## WORK ORDER
Word for word, restate the lines from the start of the data below through the line containing "j) = (\<Sum>x\<in>X.".

╭─ RECORDS PROVIDED

lemma hermitian_on_signed_sum:
  assumes "\<forall>x\<in>X. hermitian_on d (A x)"
  shows "hermitian_on d (signed_sum X A L)"
  unfolding hermitian_on_def
proof (intro allI impI)
  fix i j assume "i < d" "j < d"
  then have "\<And>x. x \<in> X \<Longrightarrow> A x i j = cnj (A x j i)" using assms unfolding hermitian_on_def by blast
  then show "signed_sum X A L i j = cnj (signed_sum X A L j i)"
    unfolding signed_sum_def cnj_sum by (intro sum.cong refl) simp
qed

lemma mat_app_signed_sum:
  "mat_app d (signed_sum X A L) v = (\<lambda>i. \<Sum>x\<in>X. complex_of_real (bool_sign (L x)) * mat_app d (A x) v i)"
proof -
  have "(\<Sum>j<d. (\<Sum>x\<in>X. c x * A x i j) * v j) = (\<Sum>x\<in>X. c x * (\<Sum>j<d. A x i j * v j))"
    for i and c :: "'a \<Rightarrow> complex"
    by (simp add: sum_distrib_left sum_distrib_right mult.assoc) (rule sum.swap)
  then show ?thesis unfolding mat_app_def signed_sum_def by auto
qed

lemma Re_cinner_signed_sum:
  "Re (cinner d (mat_app d (signed_sum X A L) w) w) = (\<Sum>x\<in>X. bool_sign (L x) * Re (cinner d (mat_app d (A x) w) w))"
  unfolding mat_app_signed_sum cinner_sum_left cinner_scale_left by (simp add: Re_sum)

lemma funpow_signed_sum_eq_sum_words:
  assumes "finite X"
  shows "(mat_app d (signed_sum X A L) ^^ k) v
    = (\<lambda>i. \<Sum>xs\<in>words k X. complex_of_real (word_sign L xs) * word_app d A xs v i)"
proof (induction k)
  case (Suc k)
  have "(mat_app d (signed_sum X A L) ^^ Suc k) v i
      = (\<Sum>x\<in>X. \<Sum>xs\<in>words k X. complex_of_real (bool_sign (L x) * word_sign L xs) * word_app d A (x # xs) v i)"
    for i by (simp add: Suc mat_app_signed_sum mat_app_lincomb sum_distrib_left mult_ac) (rule sum.swap)
  then have "(mat_app d (signed_sum X A L) ^^ Suc k) v
      = (\<lambda>i. \<Sum>x\<in>X. \<Sum>xs\<in>words k X. complex_of_real (bool_sign (L x) * word_sign L xs) * word_app d A (x # xs) v i)"
    by auto
  also have "\<dots> = (\<lambda>i. \<Sum>xs\<in>words (Suc k) X. complex_of_real (word_sign L xs) * word_app d A xs v i)"
    by (simp add: sum_words_Suc[OF assms] word_sign_def)
  finally show ?case .
qed (simp add: words_0 word_sign_def)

╰─

## EXERCISE OUTPUT
lemma hermitian_on_signed_sum:
  assumes "\<forall>x\<in>X. hermitian_on d (A x)"
  shows "hermitian_on d (signed_sum X A L)"
  unfolding hermitian_on_def
proof (intro allI impI)
  fix i j assume "i < d" "j < d"
  then have "\<And>x. x \<in> X \<Longrightarrow> A x i j = cnj (A x j i)" using assms unfolding hermitian_on_def by blast
  then show "signed_sum X A L i j = cnj (signed_sum X A L j i)"
    unfolding signed_sum_def cnj_sum by (intro sum.cong refl) simp
qed

lemma mat_app_signed_sum:
  "mat_app d (signed_sum X A L) v = (\<lambda>i. \<Sum>x\<in>X. complex_of_real (bool_sign (L x)) * mat_app d (A x) v i)"
proof -
  have "(\<Sum>j<d. (\<Sum>x\<in>X. c x * A x i j) * v j) = (\<Sum>x\<in>X. c x * (\<Sum>j<d. A x i j * v j))"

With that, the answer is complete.